You'd jsut have to define a ThreadPool with n Threads before, where each request would've blocked one pending thread. Now it just keeps going.

So your equivalent Java example should've been something like this, but again: the completeable futures api is pretty old at this point.

    @HttpExchange(value = "https://news.ycombinator.com")
    interface HnClient {
        @GetExchange("news?p={page}")
        CompletableFuture<String> getNews(@PathVariable("page") Integer page);
    }

    @RequiredArgsConstructor
    @Service
    class HnService {
        private final HnClient hnClient;
        List<String> getNews() {
            var requests = IntStream.rangeClosed(1, 4)
                                    .boxed().map(hnClient::getNews).toList();
            return requests.stream().map(CompletableFuture::join).toList();
        }
    }


Structured concurrency is still being developed: https://openjdk.org/jeps/453

Also, I wouldnt consider that the equivalent Java code. That is all Spring and Lombok magic. Just write the code and just use java.net.HttpClient.

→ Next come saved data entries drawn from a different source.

(* Let $G$ be an $N$-player normal-form game in which each player has $T$ actions, and let $f$ be a deterministic, permutation-equivariant embedding function with $f(G)=(\mathbf{A}_1,\dots,\mathbf{A}_N)$, $\mathbf{A}_p=({\bm{a}}^1_p,\dots,{\bm{a}}^T_p)$. If players $p$ and $q$ are symmetric in $G$, then $\mathbf{A}_p$ and $\mathbf{A}_q$ are identical up to permutation, i.e. there is a bijection $\tau$ between the actions of $p$ and those of $q$ such that the embedding of each action $a^i_p$ equals the embedding of the action $\tau(a^i_p)$ of player $q$.
   Context: A normal-form game $G$ with $N$ players, each player $p$ having actions $\mathcal{A}_p=\{a^1_p,\dots,a^T_p\}$, is given by payoff functions $G_p:\mathcal{A}=\mathcal{A}_1\times\dots\times\mathcal{A}_N\to\mathbb{R}$. A strong isomorphism $\phi=((\tau_p)_{p\in[N]},\omega)$ consists of a permutation $\omega$ of the players and, for each player $p$, a bijection $\tau_p$ from the actions of $p$ to the actions of $\omega(p)$; it maps $G$ to the game $\phi(G)$ with $\phi(G)_{\omega(p)}(b)=G_p(a)$ for all $p$ and joint actions $a$, where $b_{\omega(r)}=\tau_r(a_r)$ for every player $r$. A strong automorphism of $G$ is a strong isomorphism with $\phi(G)=G$. Players $p$ and $q$ are symmetric in $G$ if there exists a strong automorphism of $G$ with $\omega(p)=q$. An embedding function $f$ assigns to each game a tuple $(\mathbf{A}_1,\dots,\mathbf{A}_N)$ of action embeddings ${\bm{a}}^t_p\in\mathbb{R}^D$, one per action; $\phi$ acts on such a tuple by placing the embedding of action $a^i_p$ at the position of action $\tau_p(a^i_p)$ of player $\omega(p)$. $f$ is (permutation-)equivariant if $f(\phi(G))=\phi(f(G))$ for every game $G$ and strong isomorphism $\phi$; deterministic means $f$ is a single-valued function of the game. *)

theory Defs
  imports "HOL-Analysis.Analysis"
begin

text \<open>Players are the elements of a finite type 'p (N = CARD('p)); every player has the
  same finite action type 't (T = CARD('t)). A joint action is a function 'p => 't.\<close>

type_synonym ('p, 't) game = "'p \<Rightarrow> ('p \<Rightarrow> 't) \<Rightarrow> real"

text \<open>Action embeddings: for each player p and action t a vector in R^D (D = CARD('d)).\<close>
type_synonym ('p, 't, 'd) embedding = "'p \<Rightarrow> 't \<Rightarrow> real ^ 'd"

text \<open>A strong isomorphism: omega permutes players, tau p maps actions of p bijectively
  to actions of omega p.\<close>
definition strong_iso :: "('p \<Rightarrow> 'p) \<Rightarrow> ('p \<Rightarrow> 't \<Rightarrow> 't) \<Rightarrow> bool" where
  "strong_iso \<omega> \<tau> \<longleftrightarrow> bij \<omega> \<and> (\<forall>p. bij (\<tau> p))"

text \<open>phi(G)_{omega p}(b) = G_p(a) where b (omega r) = tau r (a r).\<close>
definition iso_game :: "('p \<Rightarrow> 'p) \<Rightarrow> ('p \<Rightarrow> 't \<Rightarrow> 't) \<Rightarrow> ('p, 't) game \<Rightarrow> ('p, 't) game" where
  "iso_game \<omega> \<tau> G = (\<lambda>q b. G (inv \<omega> q) (\<lambda>r. inv (\<tau> r) (b (\<omega> r))))"

text \<open>The embedding of action i of player p is placed at action tau p i of player omega p.\<close>
definition iso_emb :: "('p \<Rightarrow> 'p) \<Rightarrow> ('p \<Rightarrow> 't \<Rightarrow> 't) \<Rightarrow> ('p, 't, 'd) embedding \<Rightarrow> ('p, 't, 'd) embedding" where
  "iso_emb \<omega> \<tau> E = (\<lambda>q j. E (inv \<omega> q) (inv (\<tau> (inv \<omega> q)) j))"

definition strong_automorphism :: "('p, 't) game \<Rightarrow> ('p \<Rightarrow> 'p) \<Rightarrow> ('p \<Rightarrow> 't \<Rightarrow> 't) \<Rightarrow> bool" where
  "strong_automorphism G \<omega> \<tau> \<longleftrightarrow> strong_iso \<omega> \<tau> \<and> iso_game \<omega> \<tau> G = G"

definition symmetric_players :: "('p, 't) game \<Rightarrow> 'p \<Rightarrow> 'p \<Rightarrow> bool" where
  "symmetric_players G p q \<longleftrightarrow> (\<exists>\<omega> \<tau>. strong_automorphism G \<omega> \<tau> \<and> \<omega> p = q)"

text \<open>Determinism: f is a HOL function. Equivariance: f(phi G) = phi(f G) for all G, phi.\<close>
definition equivariant :: "(('p::finite, 't::finite) game \<Rightarrow> ('p, 't, 'd::finite) embedding) \<Rightarrow> bool" where
  "equivariant f \<longleftrightarrow> (\<forall>\<omega> \<tau> G. strong_iso \<omega> \<tau> \<longrightarrow> f (iso_game \<omega> \<tau> G) = iso_emb \<omega> \<tau> (f G))"

end

theory Submission
  imports Defs
begin

lemma iso_emb_apply:
  assumes "strong_iso \<omega> \<tau>"
  shows "iso_emb \<omega> \<tau> E (\<omega> p) (\<tau> p i) = E p i"
  using assms by (simp add: strong_iso_def iso_emb_def bij_is_inj)

lemma equivariant_embedding_automorphism_invariant:
  assumes "equivariant f" and "strong_automorphism G \<omega> \<tau>"
  shows "f G (\<omega> p) (\<tau> p i) = f G p i"
proof -
  have iso: "strong_iso \<omega> \<tau>" and fixed: "iso_game \<omega> \<tau> G = G"
    using assms(2) unfolding strong_automorphism_def by auto
  have "f G = iso_emb \<omega> \<tau> (f G)"
    using assms(1) iso fixed unfolding equivariant_def by metis
  then show ?thesis
    using iso_emb_apply[OF iso] by metis
qed

theorem proposition2:
  fixes f :: "('p::finite, 't::finite) game \<Rightarrow> ('p, 't, 'd::finite) embedding"
    and G :: "('p, 't) game" and p q :: 'p
  assumes "equivariant f"
    and "symmetric_players G p q"
  shows "\<exists>\<sigma> :: 't \<Rightarrow> 't. bij \<sigma> \<and> (\<forall>i. f G p i = f G q (\<sigma> i))"
proof -
  obtain \<omega> \<tau> where aut: "strong_automorphism G \<omega> \<tau>" and "\<omega> p = q"
    using assms(2) unfolding symmetric_players_def by blast
  then have "\<forall>i. f G p i = f G q (\<tau> p i)"
    using equivariant_embedding_automorphism_invariant[OF assms(1)] by metis
  moreover have "bij (\<tau> p)"
    using aut unfolding strong_automorphism_def strong_iso_def by blast
  ultimately show ?thesis by blast
qed

end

> and just use java.net.HttpClient.

No.


it might be obvious to others, but why the 'No'?


The standard http client doesn’t have as great of UX as other community libs. Most of us (including me) don’t like to use it.

That being said, imo you can’t call something equivalent when doing a bunch of spring magic. This disregards that OPs logic isn’t equivalent at all. It waits for each future 1 by 1 instead of doing something like CompletableFuture.allOf or in JS: Promise.all.